The push to approve spot Ethereum (ETH) ETFs for trading is intensifying, with the focus now on the S-1 forms. Following the approval of the 19b-4 forms on May 23, the next crucial step is for the S-1 forms to become effective. Since the SEC’s approval came unexpectedly, the necessary S-1 forms were not pre-prepared. However, progress is now being made.
A source told The Block that while the seed investment details are straightforward for issuers to include, other aspects of the S-1 forms might take longer to address. They anticipate that the S-1 forms will undergo at least two more rounds of drafts before being ready for approval.
Analysts expect the turnaround for the S-1s to take a few weeks, potentially extending to a few months if the process proceeds slowly. Some traders view the delay as potentially beneficial, allowing for a thorough review and solid preparation.
The rapid action by VanEck and BlackRock demonstrates the urgency and importance of this development within the crypto industry.

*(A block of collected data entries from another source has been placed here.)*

(* Let $1\le k\le n/2$, $\gamma=k/n$, $\varepsilon\in[0,1]$, let $g\colon\{0,1\}^m\to\{0,1\}^n$ be a $d$-local function, and let $\mathcal{P}_g=g(\mathcal{U}^m)$. Suppose there are $r'\ge1$ non-connected neighborhoods $N_g(i_1),\dots,N_g(i_{r'})$ each of which is Type-1, i.e., for each $a$, with $s_a=|N_g(i_a)|$, the marginal $\mathcal{P}_g|_{N_g(i_a)}$ has total variation distance more than $\varepsilon$ from $\mathcal{U}^{s_a}_\gamma$. Then $$\|\mathcal{P}_g-\mathcal{D}_k\|\ge 1-2\sqrt{2n}\cdot\exp\{-\varepsilon^2 r'/2\}.$$
   Context: $\mathcal{U}^m$ is uniform on $\{0,1\}^m$; $\mathcal{U}^s_\gamma$ is the product distribution on $\{0,1\}^s$ with each bit $1$ independently with probability $\gamma$; $\mathcal{D}_k$ is uniform on strings in $\{0,1\}^n$ of Hamming weight $k$. $\mathcal{P}|_T$ denotes the marginal of $\mathcal{P}$ on coordinates $T$. A function $g$ is $d$-local if each output bit depends on at most $d$ input bits; $I_g(i)$ is the set of input coordinates on which output $i$ depends; $N_g(i)=\{j: I_g(j)\cap I_g(i)\neq\emptyset\}$. Neighborhoods $N_g(i_1),\dots,N_g(i_{r'})$ are non-connected if the sets $\bigcup_{j\in N_g(i_a)}I_g(j)$ are pairwise disjoint. $\|\cdot\|$ is total variation distance. *)

theory Defs
  imports "HOL-Probability.Probability"
begin

text \<open>Bit strings of length n are boolean lists of length n; True = bit 1.\<close>

definition bitstrings :: "nat \<Rightarrow> bool list set" where
  "bitstrings n = {xs. length xs = n}"

definition unif_bits :: "nat \<Rightarrow> bool list pmf" where
  "unif_bits m = pmf_of_set (bitstrings m)"

definition D_weight :: "nat \<Rightarrow> nat \<Rightarrow> bool list pmf" where
  "D_weight n k = pmf_of_set {xs \<in> bitstrings n. count_list xs True = k}"

definition tv_dist :: "'a pmf \<Rightarrow> 'a pmf \<Rightarrow> real" where
  "tv_dist p q = (SUP A. \<bar>measure_pmf.prob p A - measure_pmf.prob q A\<bar>)"

definition marginal :: "bool list pmf \<Rightarrow> nat set \<Rightarrow> (nat \<Rightarrow> bool) pmf" where
  "marginal P T = map_pmf (\<lambda>xs j. if j \<in> T then xs ! j else False) P"

definition biased_bits :: "nat set \<Rightarrow> real \<Rightarrow> (nat \<Rightarrow> bool) pmf" where
  "biased_bits T \<gamma> = Pi_pmf T False (\<lambda>_. bernoulli_pmf \<gamma>)"

definition dep_set :: "(bool list \<Rightarrow> bool list) \<Rightarrow> nat \<Rightarrow> nat \<Rightarrow> nat set" where
  "dep_set g m i = {j. j < m \<and> (\<exists>x \<in> bitstrings m. g x ! i \<noteq> g (x[j := \<not> x ! j]) ! i)}"

definition is_local :: "(bool list \<Rightarrow> bool list) \<Rightarrow> nat \<Rightarrow> nat \<Rightarrow> nat \<Rightarrow> bool" where
  "is_local g m n d \<longleftrightarrow> (\<forall>i<n. card (dep_set g m i) \<le> d)"

definition nbhd :: "(bool list \<Rightarrow> bool list) \<Rightarrow> nat \<Rightarrow> nat \<Rightarrow> nat \<Rightarrow> nat set" where
  "nbhd g m n i = {j. j < n \<and> dep_set g m j \<inter> dep_set g m i \<noteq> {}}"
lemma link_coords_pos:
  assumes i: "i \<in> I" and t: "0 < t" "t < fan_angle i"
  shows "link_coord1 i t > 0" "link_coord2 i t > 0"
proof -
  have "sin (fan_angle i) > 0" "sin (fan_angle i - t) > 0" "sin t > 0"
    using fan_angle[OF i] t by (auto intro!: sin_gt_zero)
  then show "link_coord1 i t > 0" "link_coord2 i t > 0"
    using edge_vectors_independent[OF i] link_radius_pos by (simp_all add: link_coord1_def link_coord2_def)
qed

lemma link_point_in_face: "i \<in> I \<Longrightarrow> t \<in> {0..fan_angle i} \<Longrightarrow> link_point i t \<in> face i"
  unfolding link_point_def using link_coords_bounds by (auto intro: face_pointI)

lemma dist_link_point:
  assumes i: "i \<in> I"
  shows "dist v (link_point i t) = link_radius"
proof -
  note angle = fan_angle[OF i] and edges = edge_vectors_independent[OF i]
  obtain e1 e2 where frame: "e1 \<bullet> e1 = 1" "e2 \<bullet> e2 = 1" "e1 \<bullet> e2 = 0"
    and decomp: "\<And>r t. (r * sin (fan_angle i - t) / (sin (fan_angle i) * norm (a i - v))) *\<^sub>R (a i - v)
      + (r * sin t / (sin (fan_angle i) * norm (b i - v))) *\<^sub>R (b i - v)
      = r *\<^sub>R (cos t *\<^sub>R e1 + sin t *\<^sub>R e2)"
    using sector_frame[OF edges(1,2) _ angle(4)] angle(3) by auto
  have "link_point i t - v = link_radius *\<^sub>R (cos t *\<^sub>R e1 + sin t *\<^sub>R e2)"
    using decomp by (simp add: link_point_def face_point_def link_coord1_def link_coord2_def)
  then have "norm (link_point i t - v) = link_radius"
    using link_radius_pos frame by (simp add: norm_cos_sin_orthonormal)
  then show ?thesis
    by (metis dist_commute dist_norm)
qed

lemma inj_on_link_point:
  assumes i: "i \<in> I"
  shows "inj_on (link_point i) {0..fan_angle i}"
proof
  fix t t' assume t: "t \<in> {0..fan_angle i}" "t' \<in> {0..fan_angle i}"
    and eq: "link_point i t = link_point i t'"
  have "link_coord1 i t = link_coord1 i t'" "link_coord2 i t = link_coord2 i t'"
    using eq face_point_eq_iff[OF i] unfolding link_point_def by blast+
  moreover have "sin (fan_angle i) * norm (a i - v) \<noteq> 0" "sin (fan_angle i) * norm (b i - v) \<noteq> 0"
    using fan_angle(3)[OF i] edge_vectors_independent[OF i] by simp_all
  ultimately have "sin (fan_angle i - t) = sin (fan_angle i - t')" "sin t = sin t'"
    using link_radius_pos by (simp_all add: link_coord1_def link_coord2_def divide_cancel_right)
  then have "sin (fan_angle i) * cos t = sin (fan_angle i) * cos t'"
    by (simp add: sin_diff)
  then have "cos t = cos t'"
    using fan_angle(3)[OF i] by simp
  then show "t = t'"
    by (rule cos_inj_pi[rotated 4]) (use t fan_angle(2)[OF i] in auto)
qed

lemma link_point_notin_other_face:
  assumes ij: "i \<in> I" "j \<in> I" "i \<noteq> j" and t: "0 < t" "t < fan_angle i"
  shows "link_point i t \<notin> face j"
proof
  assume "link_point i t \<in> face j"
  then have both: "link_point i t \<in> face i \<inter> face j"
    using link_point_in_face[OF ij(1)] t by auto
  from face_Int_face[OF ij] have "\<exists>w\<in>{a i, b i}. link_point i t \<in> closed_segment v w"
  proof
    assume "face i \<inter> face j = {v}"
    then show ?thesis
      using both by auto
  next
    assume "\<exists>w\<in>{a i, b i} \<inter> {a j, b j}. face i \<inter> face j = closed_segment v w"
    then show ?thesis
      using both by auto
  qed
  then obtain w where w: "w \<in> {a i, b i}" "link_point i t \<in> closed_segment v w"
    by blast
  then obtain \<mu> where "link_point i t = (1 - \<mu>) *\<^sub>R v + \<mu> *\<^sub>R w"
    unfolding closed_segment_def by blast
  then have "link_point i t = v + \<mu> *\<^sub>R (w - v)"
    by (simp add: algebra_simps)
  then have "link_point i t = face_point i \<mu> 0 \<or> link_point i t = face_point i 0 \<mu>"
    using w(1) by (auto simp: face_point_def)
  then show False
    using link_coords_pos[OF ij(1) t] by (auto simp: link_point_def face_point_eq_iff[OF ij(1)])
qed
lemma vanishes_if_inner_derivative_le:
  fixes u :: "real \<Rightarrow> 'a::real_inner"
  assumes "0 \<le> t" "u 0 = 0" "continuous_on {0..t} u"
    and u': "\<And>x. x \<in> {0<..<t} \<Longrightarrow> (u has_vector_derivative u' x) (at x)"
    and growth: "\<And>x. x \<in> {0<..<t} \<Longrightarrow> u x \<bullet> u' x \<le> K * (u x \<bullet> u x)"
  shows "u t = 0"
proof -
  define f where "f s = exp (- 2 * K * s) * (u s \<bullet> u s)" for s
  have "f t \<le> f 0"
  proof (rule DERIV_nonpos_imp_decreasing_open[OF assms(1)])
    show "continuous_on {0..t} f"
      unfolding f_def by (intro continuous_intros assms(3))
    fix x assume x: "0 < x" "x < t"
    have "(u has_derivative (\<lambda>h. h *\<^sub>R u' x)) (at x)"
      using u' x by (simp add: has_vector_derivative_def)
    from has_derivative_inner[OF this this]
    have inner_deriv: "((\<lambda>s. u s \<bullet> u s) has_real_derivative 2 * (u x \<bullet> u' x)) (at x)"
      unfolding has_field_derivative_def
      by (rule has_derivative_eq_rhs) (auto simp: inner_commute algebra_simps)
    have exp_deriv: "((\<lambda>s. exp (- 2 * K * s)) has_real_derivative exp (- 2 * K * x) * (- 2 * K)) (at x)"
      by (auto intro!: derivative_eq_intros)
    have "(f has_real_derivative
        exp (- 2 * K * x) * (2 * (u x \<bullet> u' x)) + exp (- 2 * K * x) * (- 2 * K) * (u x \<bullet> u x)) (at x)"
      unfolding f_def[abs_def] by (rule DERIV_mult'[OF exp_deriv inner_deriv])
    moreover have "exp (- 2 * K * x) * (2 * (u x \<bullet> u' x)) + exp (- 2 * K * x) * (- 2 * K) * (u x \<bullet> u x)
        = 2 * exp (- 2 * K * x) * (u x \<bullet> u' x - K * (u x \<bullet> u x))"
      by (simp add: algebra_simps)
    moreover have "2 * exp (- 2 * K * x) * (u x \<bullet> u' x - K * (u x \<bullet> u x)) \<le> 0"
      using growth[of x] x by (intro mult_nonneg_nonpos) auto
    ultimately show "\<exists>y. (f has_real_derivative y) (at x) \<and> y \<le> 0" by metis
  qed
  then have "u t \<bullet> u t \<le> 0"
    by (simp add: f_def assms(2) mult_le_0_iff)
  then have "u t \<bullet> u t = 0"
    using inner_ge_zero[of "u t"] by linarith
  then show ?thesis by simp
qed

lemma ivp_sol_continuous_on:
  assumes "ivp_sol T \<mu> F z0 z"
  shows "continuous_on {0..T} z"
  using assms has_vector_derivative_continuous continuous_on_eq_continuous_within
  unfolding ivp_sol_def by blast

lemma ivp_sol_unique:
  fixes F :: "'a::euclidean_space \<Rightarrow> 'a"
  assumes F: "C1_map F" and \<mu>: "continuous_on {0..T} \<mu>"
    and z1: "ivp_sol T \<mu> F z0 z1" and z2: "ivp_sol T \<mu> F z0 z2"
    and t: "t \<in> {0..T}"
  shows "z1 t = z2 t"
proof -
  have d1: "(z1 has_vector_derivative \<mu> s *\<^sub>R F (z1 s)) (at s within {0..T})"
    and d2: "(z2 has_vector_derivative \<mu> s *\<^sub>R F (z2 s)) (at s within {0..T})"
    if "s \<in> {0..T}" for s
    using z1 z2 that unfolding ivp_sol_def by auto
  have "bounded (z1 ` {0..T} \<union> z2 ` {0..T})"
    using ivp_sol_continuous_on[OF z1] ivp_sol_continuous_on[OF z2]
    by (intro bounded_Un[THEN iffD2] conjI compact_imp_bounded compact_continuous_image) auto
  then obtain R where R: "\<And>s. s \<in> {0..T} \<Longrightarrow> z1 s \<in> cball 0 R \<and> z2 s \<in> cball 0 R"
    unfolding bounded_iff by fastforce
  obtain L where L: "L-lipschitz_on (cball 0 R) F"
    using C1_map_lipschitz_on[OF F convex_cball compact_cball] ..
  have "bounded (\<mu> ` {0..T})"
    using \<mu> by (intro compact_imp_bounded compact_continuous_image) auto
  then obtain M where M: "\<And>s. s \<in> {0..T} \<Longrightarrow> \<bar>\<mu> s\<bar> \<le> M"
    unfolding bounded_iff by fastforce
  have "z1 t - z2 t = 0"
  proof (rule vanishes_if_inner_derivative_le[where K = "M * L"])
    show "0 \<le> t" using t by simp
    show "z1 0 - z2 0 = 0" using z1 z2 by (simp add: ivp_sol_def)
    show "continuous_on {0..t} (\<lambda>s. z1 s - z2 s)"
      using t by (intro continuous_intros continuous_on_subset[OF ivp_sol_continuous_on[OF z1]]
          continuous_on_subset[OF ivp_sol_continuous_on[OF z2]]) auto
    fix s assume s: "s \<in> {0<..<t}"
    then have sT: "s \<in> {0..T}" and "at s within {0..T} = at s"
      using t at_within_Icc_at[of 0 s T] by auto
    then show "((\<lambda>s. z1 s - z2 s) has_vector_derivative \<mu> s *\<^sub>R (F (z1 s) - F (z2 s))) (at s)"
      using has_vector_derivative_diff[OF d1[OF sT] d2[OF sT]] by (simp add: scaleR_diff_right)
    let ?v = "\<mu> s *\<^sub>R (F (z1 s) - F (z2 s))" and ?u = "z1 s - z2 s"
    have "norm (F (z1 s) - F (z2 s)) \<le> L * norm ?u"
      using lipschitz_on_normD[OF L] R[OF sT] by blast
    then have "norm ?v \<le> M * (L * norm ?u)"
      using M[OF sT] by (simp add: mult_mono')
    have "?u \<bullet> ?v \<le> norm ?u * norm ?v"
      by (rule norm_cauchy_schwarz)
    also have "\<dots> \<le> norm ?u * (M * (L * norm ?u))"
      using \<open>norm ?v \<le> M * (L * norm ?u)\<close> by (rule mult_left_mono) simp
    also have "\<dots> = M * L * (?u \<bullet> ?u)"
      by (simp add: dot_square_norm power2_eq_square)
    finally show "?u \<bullet> ?v \<le> M * L * (?u \<bullet> ?u)" .
  qed
  then show ?thesis by simp
qed

lemma ivp_sol_eq_reparametrized:
  fixes F :: "'a::euclidean_space \<Rightarrow> 'a"
  assumes F: "C1_map F" and \<mu>: "continuous_on {0..T} \<mu>"
    and zhat: "zhat 0 = z0" "\<And>\<tau>. (zhat has_vector_derivative F (zhat \<tau>)) (at \<tau>)"
    and z: "ivp_sol T \<mu> F z0 z" and t: "t \<in> {0..T}"
  shows "z t = zhat (integral {0..t} \<mu>)"
proof -
  have "ivp_sol T \<mu> F z0 (\<lambda>s. zhat (integral {0..s} \<mu>))"
    unfolding ivp_sol_def
  proof (intro conjI ballI)
    show "zhat (integral {0..0} \<mu>) = z0" using zhat(1) by simp
    fix s assume "s \<in> {0..T}"
    from vector_diff_chain_within[OF integral_has_vector_derivative[OF \<mu> this]
        has_vector_derivative_at_within[OF zhat(2)]]
    show "((\<lambda>s. zhat (integral {0..s} \<mu>)) has_vector_derivative
        \<mu> s *\<^sub>R F (zhat (integral {0..s} \<mu>))) (at s within {0..T})"
      by (simp add: o_def)
  qed
  with ivp_sol_unique[OF F \<mu> z _ t] show ?thesis .
qed

lemma square_integral_le:
  fixes f :: "real \<Rightarrow> real"
  assumes f: "continuous_on {a..b} f" and "a < b"
  shows "(integral {a..b} f)\<^sup>2 \<le> (b - a) * integral {a..b} (\<lambda>t. (f t)\<^sup>2)"
proof -
  define I where "I = integral {a..b} f"
  define J where "J = integral {a..b} (\<lambda>t. (f t)\<^sup>2)"
  define c where "c = I / (b - a)"
  \<comment> \<open>expand \<open>0 \<le> \<integral>(f - c)\<^sup>2\<close> around the mean value \<open>c\<close> of \<open>f\<close>\<close>
  have hI: "(f has_integral I) {a..b}"
    unfolding I_def using integrable_continuous_interval[OF f] by blast
  have hJ: "((\<lambda>t. (f t)\<^sup>2) has_integral J) {a..b}"
    unfolding J_def using integrable_continuous_interval[OF continuous_on_power[OF f]] by blast
  have "((\<lambda>t. (f t)\<^sup>2 - 2 * c * f t + c\<^sup>2) has_integral J - 2 * c * I + c\<^sup>2 * (b - a)) {a..b}"
    using has_integral_add[OF has_integral_diff[OF hJ has_integral_mult_right[OF hI, of "2 * c"]]
        has_integral_const_real[of "c\<^sup>2" a b]] \<open>a < b\<close>
    by (simp add: mult.commute)
  moreover have "(f t)\<^sup>2 - 2 * c * f t + c\<^sup>2 = (f t - c)\<^sup>2" for t
    by (simp add: power2_eq_square algebra_simps)
  ultimately have "((\<lambda>t. (f t - c)\<^sup>2) has_integral J - 2 * c * I + c\<^sup>2 * (b - a)) {a..b}"
    by simp
  then have "0 \<le> J - 2 * c * I + c\<^sup>2 * (b - a)"
    by (rule has_integral_nonneg) simp
  moreover have cI: "c * (b - a) = I"
    using \<open>a < b\<close> by (simp add: c_def)
  then have "c\<^sup>2 * (b - a) = c * I"
    by (simp add: power2_eq_square mult.assoc)
  ultimately have "c * I \<le> J"
    by linarith
  then have "(b - a) * (c * I) \<le> (b - a) * J"
    using \<open>a < b\<close> by simp
  moreover have "(b - a) * (c * I) = I\<^sup>2"
    using cI by (simp add: power2_eq_square mult.commute mult.left_commute)
  ultimately show ?thesis
    unfolding I_def[symmetric] J_def[symmetric] by simp
qed

lemma has_real_derivative_frechet_comp:
  fixes f :: "'a::real_normed_vector \<Rightarrow> real"
  assumes "f differentiable at (g x)" and "(g has_vector_derivative v) (at x)"
  shows "((\<lambda>t. f (g t)) has_real_derivative frechet_derivative f (at (g x)) v) (at x)"
proof -
  have df: "(f has_derivative frechet_derivative f (at (g x))) (at (g x))"
    using assms(1) frechet_derivative_works by blast
  from diff_chain_at[OF assms(2)[unfolded has_vector_derivative_def] df]
  show ?thesis
    unfolding has_field_derivative_def o_def
    by (rule has_derivative_eq_rhs)
      (auto simp: linear_scale[OF has_derivative_linear[OF df]] mult.commute)
qed

lemma sqrt_divide_mult_self:
  assumes "T > 0"
  shows "sqrt (C / T) * T = sqrt (C * T)"
proof -
  have "sqrt (C / T) * T = sqrt (C / T) * sqrt (T\<^sup>2)"
    using assms by simp
  also have "\<dots> = sqrt (C / T * T\<^sup>2)"
    by (rule real_sqrt_mult[symmetric])
  also have "C / T * T\<^sup>2 = C * T"
    using assms by (simp add: power2_eq_square)
  finally show ?thesis .
qed

lemma integral_bounds_near_constant_control:
  fixes \<mu> :: "real \<Rightarrow> real"
  assumes T: "T > 0" and \<mu>: "continuous_on {0..T} \<mu>"
    and energy: "integral {0..T} (\<lambda>t. (\<mu> t)\<^sup>2) = C"
    and close: "\<forall>t\<in>{0..T}. \<bar>\<mu> t - sqrt (C / T)\<bar> < \<delta>"
  shows "sqrt (C * T) - \<delta> * T \<le> integral {0..T} \<mu>" and "integral {0..T} \<mu> \<le> sqrt (C * T)"
proof -
  have "sqrt (C / T) - \<delta> \<le> \<mu> t" if "t \<in> {0..T}" for t
    using close[rule_format, OF that] by (simp add: abs_less_iff)
  then have "integral {0..T} (\<lambda>_. sqrt (C / T) - \<delta>) \<le> integral {0..T} \<mu>"
    using integrable_continuous_interval[OF \<mu>] by (intro integral_le) auto
  then show "sqrt (C * T) - \<delta> * T \<le> integral {0..T} \<mu>"
    using T sqrt_divide_mult_self[OF T, of C] by (simp add: algebra_simps)
  have "(integral {0..T} \<mu>)\<^sup>2 \<le> C * T"
    using square_integral_le[OF \<mu> T] energy by (simp add: mult.commute)
  then have "\<bar>integral {0..T} \<mu>\<bar> \<le> sqrt (C * T)"
    using real_sqrt_le_mono by fastforce
  then show "integral {0..T} \<mu> \<le> sqrt (C * T)"
    by linarith
qed

lemma local_max_over_controls:
  fixes g :: "real \<Rightarrow> real"
  assumes T: "T > 0" and g: "(g has_real_derivative l) (at (sqrt (C * T)))" and "l > 0"
  shows "\<exists>\<delta>>0. \<forall>\<mu>. continuous_on {0..T} \<mu> \<and> integral {0..T} (\<lambda>t. (\<mu> t)\<^sup>2) = C \<and>
      (\<forall>t\<in>{0..T}. \<bar>\<mu> t - sqrt (C / T)\<bar> < \<delta>) \<longrightarrow> g (integral {0..T} \<mu>) \<le> g (sqrt (C * T))"
proof -
  obtain d where "d > 0" and d: "\<And>s. 0 < s \<Longrightarrow> s < d \<Longrightarrow> g (sqrt (C * T) - s) < g (sqrt (C * T))"
    using DERIV_pos_inc_left[OF g \<open>l > 0\<close>] by blast
  show ?thesis
  proof (intro exI[of _ "d / (2 * T)"] conjI allI impI)
    show "d / (2 * T) > 0" using \<open>d > 0\<close> T by simp
    fix \<mu>
    assume "continuous_on {0..T} \<mu> \<and> integral {0..T} (\<lambda>t. (\<mu> t)\<^sup>2) = C \<and>
      (\<forall>t\<in>{0..T}. \<bar>\<mu> t - sqrt (C / T)\<bar> < d / (2 * T))"
    then have lower: "sqrt (C * T) - d / (2 * T) * T \<le> integral {0..T} \<mu>"
      and upper: "integral {0..T} \<mu> \<le> sqrt (C * T)"
      using integral_bounds_near_constant_control[OF T] by blast+
    show "g (integral {0..T} \<mu>) \<le> g (sqrt (C * T))"
    proof (cases "integral {0..T} \<mu> = sqrt (C * T)")
      case False
      have "d / (2 * T) * T < d" using \<open>d > 0\<close> T by simp
      then have "0 < sqrt (C * T) - integral {0..T} \<mu>" "sqrt (C * T) - integral {0..T} \<mu> < d"
        using False lower upper by linarith+
      from d[OF this] show ?thesis by simp
    qed simp
  qed
qed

The approval of spot Ethereum ETFs follows a similar trajectory to that of Bitcoin ETFs, which saw significant interest and approval earlier this year. The SEC’s willingness to engage and provide feedback indicates a growing acceptance of crypto-based financial products, albeit with cautious and rigorous oversight.
The SEC’s request and the subsequent actions by major financial players signal a pivotal moment for Ethereum ETFs. As the approval process continues, market participants and analysts will closely watch the SEC’s comments and the amendments made by issuers. The successful launch of these ETFs could further legitimize Ethereum as a mainstream investment asset, potentially paving the way for additional crypto ETFs in the future.